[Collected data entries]
⟨

(* Let $\mathcal{U},\mathcal{Y}$ be Hilbert spaces, $\mathcal{F}$ a closed subspace of $\mathcal{U}$, and $\omega=\begin{pmatrix}\omega_1\\ \omega_2\end{pmatrix}:\mathcal{F}\to\mathcal{Y}\oplus\mathcal{U}$ a contraction. Define for $\lambda\in\mathbb{D}$ $\Phi_{2,1}(\lambda)=\Pi_{\mathcal{Y}}D_{\omega^*}+\lambda\omega_1\Pi_{\mathcal{F}}(I_{\mathcal{U}}-\lambda\omega_2\Pi_{\mathcal{F}})^{-1}\Pi_{\mathcal{U}}D_{\omega^*}$ (an operator from $\mathcal{D}_{\omega^*}$ to $\mathcal{Y}$) and $\Phi_{2,2}(\lambda)=\omega_1\Pi_{\mathcal{F}}(I_{\mathcal{U}}-\lambda\omega_2\Pi_{\mathcal{F}})^{-1}$. Then $\Gamma_{\Phi_{2,2}}:\mathcal{U}\to H^2(\mathcal{Y})$ is a co-isometry if and only if $\Phi_{2,1}(\lambda)=0$ for every $\lambda\in\mathbb{D}$.
   Context: $\mathbb{D}$ is the open unit disc. $\Pi_{\mathcal{F}}:\mathcal{U}\to\mathcal{F}$ is the orthogonal projection; $D_{\omega^*}=(I-\omega\omega^* )^{1/2}$ on $\mathcal{Y}\oplus\mathcal{U}$, $\mathcal{D}_{\omega^*}$ is the closure of its range, and $\Pi_{\mathcal{Y}},\Pi_{\mathcal{U}}$ are the coordinate projections of $\mathcal{Y}\oplus\mathcal{U}$. $\Gamma_{\Phi_{2,2}}$ is defined by $(\Gamma_{\Phi_{2,2}}u)(\lambda)=\Phi_{2,2}(\lambda)u$, and is known to be a contraction into the Hardy space $H^2(\mathcal{Y})$. *)

theory Defs
  imports "HOL-Analysis.Analysis"
begin

text \<open>The distribution has no complex Hilbert spaces, so we introduce the class here.
  Convention: the inner product is conjugate-linear in the first, linear in the second argument.\<close>

class cinner_space = real_normed_vector +
  fixes cscale :: "complex \<Rightarrow> 'a \<Rightarrow> 'a"
    and cinner :: "'a \<Rightarrow> 'a \<Rightarrow> complex"
  assumes cscale_add_right: "cscale a (x + y) = cscale a x + cscale a y"
    and cscale_add_left: "cscale (a + b) x = cscale a x + cscale b x"
    and cscale_cscale: "cscale a (cscale b x) = cscale (a * b) x"
    and cscale_one: "cscale 1 x = x"
    and scaleR_cscale: "scaleR r x = cscale (complex_of_real r) x"
    and cinner_commute: "cinner x y = cnj (cinner y x)"
    and cinner_add_right: "cinner x (y + z) = cinner x y + cinner x z"
    and cinner_cscale_right: "cinner x (cscale a y) = a * cinner x y"
    and cinner_norm: "cinner x x = complex_of_real ((norm x)\<^sup>2)"

class chilbert_space = cinner_space + complete_space

definition closed_csubspace :: "'a::chilbert_space set \<Rightarrow> bool" where
  "closed_csubspace F \<longleftrightarrow> 0 \<in> F \<and> (\<forall>x\<in>F. \<forall>y\<in>F. x + y \<in> F)
      \<and> (\<forall>a. \<forall>x\<in>F. cscale a x \<in> F) \<and> closed F"
(* Let $h:(\mathbb{R}^n,0)\to(\mathbb{R}^n,0)$ be an (SSP) bi-Lipschitz homeomorphism germ, and let $A\subset\mathbb{R}^n$ be a set-germ at $0$ with $0\in\overline{A}$. Then $A$ satisfies condition (SSP) if and only if $h(A)$ satisfies condition (SSP).
   Context: For a set-germ $A\subset\mathbb{R}^k$ at $0$ with $0\in\overline A$, the direction set is $D(A)=\{a\in S^{k-1}:\exists\, x_i\in A\setminus\{0\},\ x_i\to0,\ x_i/\|x_i\|\to a\}$. For sequences, $\|u_m\|\ll\|v_m\|,\|w_m\|$ means $\|u_m\|/\|v_m\|\to0$ and $\|u_m\|/\|w_m\|\to0$. A set-germ $A\subset\mathbb{R}^k$ with $0\in\overline A$ satisfies condition (SSP) if for every sequence $a_m\in\mathbb{R}^k$ tending to $0$ with $\lim a_m/\|a_m\|\in D(A)$ there is a sequence $b_m\in A$ with $\|a_m-b_m\|\ll\|a_m\|,\|b_m\|$. A map germ $h:(\mathbb{R}^n,0)\to(\mathbb{R}^n,0)$ is an (SSP) map if its graph $\{(x,h(x))\}\subset\mathbb{R}^n\times\mathbb{R}^n$ satisfies condition (SSP) at $(0,0)$. A bi-Lipschitz homeomorphism germ is a homeomorphism germ $h$ with $h(0)=0$ and constants $0<K_1\le K_2$ with $K_1\|x-y\|\le\|h(x)-h(y)\|\le K_2\|x-y\|$ near $0$; it is an (SSP) bi-Lipschitz homeomorphism if it is moreover an (SSP) map. *)

theory Defs
  imports "HOL-Analysis.Analysis"
begin

definition direction_set :: "'a::real_normed_vector set \<Rightarrow> 'a set" where
  "direction_set A = {a. norm a = 1 \<and>
     (\<exists>x::nat \<Rightarrow> 'a. (\<forall>i. x i \<in> A - {0}) \<and> x \<longlonglongrightarrow> 0 \<and>
        (\<lambda>i. x i /\<^sub>R norm (x i)) \<longlonglongrightarrow> a)}"

definition much_smaller :: "(nat \<Rightarrow> 'a::real_normed_vector) \<Rightarrow> (nat \<Rightarrow> 'b::real_normed_vector) \<Rightarrow> bool" where
  "much_smaller u v \<longleftrightarrow> eventually (\<lambda>m. v m \<noteq> 0) sequentially \<and>
      (\<lambda>m. norm (u m) / norm (v m)) \<longlonglongrightarrow> 0"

⟩

What needs to be done
Using the records above, set down exactly the lines from the one with "cscale (complex_of_real r)" through the one with "(\<forall>a. \<forall>x\<in>F. cscale", inclusive, and nothing more.

Exercise response
    and scaleR_cscale: "scaleR r x = cscale (complex_of_real r) x"
    and cinner_commute: "cinner x y = cnj (cinner y x)"
    and cinner_add_right: "cinner x (y + z) = cinner x y + cinner x z"
    and cinner_cscale_right: "cinner x (cscale a y) = a * cinner x y"
    and cinner_norm: "cinner x x = complex_of_real ((norm x)\<^sup>2)"

class chilbert_space = cinner_space + complete_space

definition closed_csubspace :: "'a::chilbert_space set \<Rightarrow> bool" where
  "closed_csubspace F \<longleftrightarrow> 0 \<in> F \<and> (\<forall>x\<in>F. \<forall>y\<in>F. x + y \<in> F)
      \<and> (\<forall>a. \<forall>x\<in>F. cscale a x \<in> F) \<and> closed F"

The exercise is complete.